Exercise brief
Retype exactly the lines below, beginning with the first and ending with the line where "Some t' \<Rightarrow>" appears.

Input
text \<open>T|I: delete all vertices whose subtree contains no leaf of I (result None = empty tree).\<close>
fun restr :: "nat list set \<Rightarrow> 'x tree \<Rightarrow> 'x tree option"
and restrs :: "nat list set \<Rightarrow> nat \<Rightarrow> 'x tree list \<Rightarrow> 'x tree list" where
  "restr I (Leaf x) = (if [] \<in> I then Some (Leaf x) else None)"
| "restr I (Node ts) = (case restrs I 0 ts of [] \<Rightarrow> None | ts' \<Rightarrow> Some (Node ts'))"
| "restrs I i [] = []"
| "restrs I i (t # ts) =
     (case restr {p. i # p \<in> I} t of
        None \<Rightarrow> restrs I (Suc i) ts
      | Some t' \<Rightarrow> t' # restrs I (Suc i) ts)"

definition restr_m :: "nat list set \<Rightarrow> 'x mon \<Rightarrow> 'x mon" where
  "restr_m I m = (case m of None \<Rightarrow> None | Some t \<Rightarrow> restr I t)"

fun red :: "'x tree \<Rightarrow> 'x tree" where
  "red (Leaf x) = Leaf x"
| "red (Node [t]) = red t"
| "red (Node ts) = Node (map red ts)"

definition red_m :: "'x mon \<Rightarrow> 'x mon" where
  "red_m m = map_option red m"

definition coprod_formula :: "'x mon \<Rightarrow> ('x mon \<times> 'x mon) \<Rightarrow>\<^sub>0 'k::field" where
  "coprod_formula T = (\<Sum>I\<in>Pow (leaves_m T).
      Poly_Mapping.single (red_m (restr_m I T), red_m (restr_m (leaves_m T - I) T)) 1)"

end

theory Submission
  imports Defs
begin

(*
  Both sides of the formula are multiplicative for grafting. For Delta_a this is the
  homomorphism property. For the right-hand side, a set I of leaves of T = vee(T_1, ..., T_k)
  is the same as a tuple (I_1, ..., I_k) of leaf sets of the branches, complements are taken
  branchwise, and red(T|I) = vee(red(T_1|I_1), ..., red(T_k|I_k)): restriction deletes the
  branches with empty I_j, and the unit conventions of vee contract a root that is left with a
  single child exactly as the reduction does. Both sides agree on 1 and on the variables, so
  induction on T gives the formula.
*)

lemma finite_listset: "\<forall>A\<in>set As. finite A \<Longrightarrow> finite (listset As)"
proof (induction As)
  case (Cons A As)
  have "set_Cons A (listset As) = (\<lambda>(a, l). a # l) ` (A \<times> listset As)"
    by (auto simp: set_Cons_def)
  with Cons show ?case by simp
qed simp

lemma sum_set_Cons:
  assumes "finite A" "finite B"
  shows "(\<Sum>l\<in>set_Cons A B. F l) = (\<Sum>a\<in>A. \<Sum>l\<in>B. F (a # l))"
proof -
  have "set_Cons A B = (\<lambda>(a, l). a # l) ` (A \<times> B)"
    by (auto simp: set_Cons_def)
  moreover have "inj_on (\<lambda>(a, l). a # l) (A \<times> B)"
    by (auto simp: inj_on_def)
  ultimately show ?thesis
    using assms by (simp add: sum.reindex sum.cartesian_product split_def)
qed

lemma sum_Pow_Un_disjoint:
  assumes "A \<inter> B = {}"
  shows "(\<Sum>I\<in>Pow (A \<union> B). H I) = (\<Sum>J\<in>Pow A. \<Sum>K\<in>Pow B. H (J \<union> K))"
  unfolding sum.cartesian_product
  by (rule sum.reindex_bij_witness[where i = "\<lambda>(J, K). J \<union> K" and j = "\<lambda>I. (I \<inter> A, I \<inter> B)"])
     (use assms in \<open>auto simp: Int_Un_distrib[symmetric] Int_absorb2\<close>)

lemma single_sum: "Poly_Mapping.single k (sum h S) = (\<Sum>x\<in>S. Poly_Mapping.single k (h x))"
  by (induction S rule: infinite_finite_induct) (auto simp: single_add)

lemma lookup_sum_singles:
  assumes "finite A"
  shows "Poly_Mapping.lookup (\<Sum>a\<in>A. Poly_Mapping.single (g a) (1::'k::semiring_1)) m
    = of_nat (card {a\<in>A. g a = m})"
  using assms by (simp add: lookup_sum lookup_single when_def sum.inter_filter[symmetric])

lemma keys_sum_singles:
  assumes "finite A"
  shows "Poly_Mapping.keys (\<Sum>a\<in>A. Poly_Mapping.single (g a) (1::'k::semiring_char_0)) = g ` A"
  using assms by (auto simp: in_keys_iff lookup_sum_singles)

(* The factor c makes the statement inductive: splitting off the first argument
   multiplies the coefficient by a lookup in V t. *)
lemma sum_listset_keys_sums_of_singles:
  fixes A :: "'t \<Rightarrow> 'a set" and g :: "'t \<Rightarrow> 'a \<Rightarrow> 'm" and c :: "'k::field_char_0"
  assumes fin: "\<And>t. finite (A t)"
  defines "V \<equiv> \<lambda>t. \<Sum>a\<in>A t. Poly_Mapping.single (g t a) (1::'k)"
  shows "(\<Sum>ms\<in>listset (map (\<lambda>t. Poly_Mapping.keys (V t)) ts).
            Poly_Mapping.single (f ms) (c * prod_list (map2 Poly_Mapping.lookup (map V ts) ms)))
       = (\<Sum>as\<in>listset (map A ts). Poly_Mapping.single (f (map2 g ts as)) c)"
proof (induction ts arbitrary: f c)
  case (Cons t ts)
  have keys_V: "Poly_Mapping.keys (V t) = g t ` A t"
    unfolding V_def using fin by (rule keys_sum_singles)
  have lookup_V: "Poly_Mapping.lookup (V t) m = of_nat (card {a\<in>A t. g t a = m})" for m
    unfolding V_def using fin by (rule lookup_sum_singles)
  have fin_listset: "finite (listset (map (\<lambda>t. Poly_Mapping.keys (V t)) ts))" "finite (listset (map A ts))"
    using fin by (auto intro!: finite_listset simp: V_def keys_sum_singles)
  define \<Phi> where "\<Phi> m = (\<Sum>as\<in>listset (map A ts). Poly_Mapping.single (f (m # map2 g ts as)) c)" for m
  have "(\<Sum>ms\<in>listset (map (\<lambda>t. Poly_Mapping.keys (V t)) (t # ts)).
            Poly_Mapping.single (f ms) (c * prod_list (map2 Poly_Mapping.lookup (map V (t # ts)) ms)))
      = (\<Sum>m\<in>g t ` A t. \<Sum>ms\<in>listset (map (\<lambda>t. Poly_Mapping.keys (V t)) ts).
            Poly_Mapping.single (f (m # ms))
              ((c * Poly_Mapping.lookup (V t) m) * prod_list (map2 Poly_Mapping.lookup (map V ts) ms)))"
    using fin by (simp add: sum_set_Cons fin_listset keys_V mult.assoc)
  also have "\<dots> = (\<Sum>m\<in>g t ` A t. \<Sum>as\<in>listset (map A ts).
            Poly_Mapping.single (f (m # map2 g ts as)) (c * of_nat (card {a\<in>A t. g t a = m})))"
    using Cons.IH[of "\<lambda>ms. f (_ # ms)"] by (simp add: lookup_V)
  also have "\<dots> = (\<Sum>m\<in>g t ` A t. \<Sum>a\<in>{a\<in>A t. g t a = m}. \<Phi> (g t a))"
    unfolding \<Phi>_def by (intro sum.cong refl, subst sum.swap) (simp add: single_sum[symmetric] mult.commute)
  also have "\<dots> = (\<Sum>a\<in>A t. \<Phi> (g t a))"
    using fin by (intro sum.group) auto
  also have "\<dots> = (\<Sum>as\<in>listset (map A (t # ts)). Poly_Mapping.single (f (map2 g (t # ts) as)) c)"
    using fin by (simp add: sum_set_Cons fin_listset \<Phi>_def)
  finally show ?case .
qed simp

lemma multilin_sums_of_singles:
  assumes "\<And>t. finite (A t)"
  shows "multilin f (map (\<lambda>t. \<Sum>a\<in>A t. Poly_Mapping.single (g t a) (1::'k::field_char_0)) ts)
    = (\<Sum>as\<in>listset (map A ts). Poly_Mapping.single (f (map2 g ts as)) 1)"
  using sum_listset_keys_sums_of_singles[where c = 1, OF assms] by (simp add: multilin_def comp_def)

lemma listset_singletons: "listset (map (\<lambda>x. {x}) xs) = {xs}"
  by (induction xs) (auto simp: set_Cons_def)

lemma graft_Some:
  assumes "2 \<le> length ts"
  shows "graft (map Some ts) = Some (Node ts)"
proof -
  have "[t. Some t \<leftarrow> map Some ts] = ts"
    by (induction ts) auto
  with assms show ?thesis
    by (cases ts rule: remdups_adj.cases) (auto simp: graft_def)
qed

lemma vee_singles:
  assumes "2 \<le> length ts"
  shows "vee (map (\<lambda>t. Poly_Mapping.single (Some t) (1::'k::field_char_0)) ts)
    = Poly_Mapping.single (Some (Node ts)) 1"
  using multilin_sums_of_singles[of "\<lambda>t. {t}" graft "\<lambda>_. Some" ts] assms
  by (simp add: vee_def listset_singletons graft_Some zip_same_conv_map comp_def)

lemma finite_leaves:
  fixes t :: "'x tree" and ts :: "'x tree list"
  shows "finite (leaves t)" "finite (leavess i ts)"
  by (induction t and i ts rule: leaves_leavess.induct) auto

Finished exercise
text \<open>T|I: delete all vertices whose subtree contains no leaf of I (result None = empty tree).\<close>
fun restr :: "nat list set \<Rightarrow> 'x tree \<Rightarrow> 'x tree option"
and restrs :: "nat list set \<Rightarrow> nat \<Rightarrow> 'x tree list \<Rightarrow> 'x tree list" where
  "restr I (Leaf x) = (if [] \<in> I then Some (Leaf x) else None)"
| "restr I (Node ts) = (case restrs I 0 ts of [] \<Rightarrow> None | ts' \<Rightarrow> Some (Node ts'))"
| "restrs I i [] = []"
| "restrs I i (t # ts) =
     (case restr {p. i # p \<in> I} t of
        None \<Rightarrow> restrs I (Suc i) ts
      | Some t' \<Rightarrow> t' # restrs I (Suc i) ts)"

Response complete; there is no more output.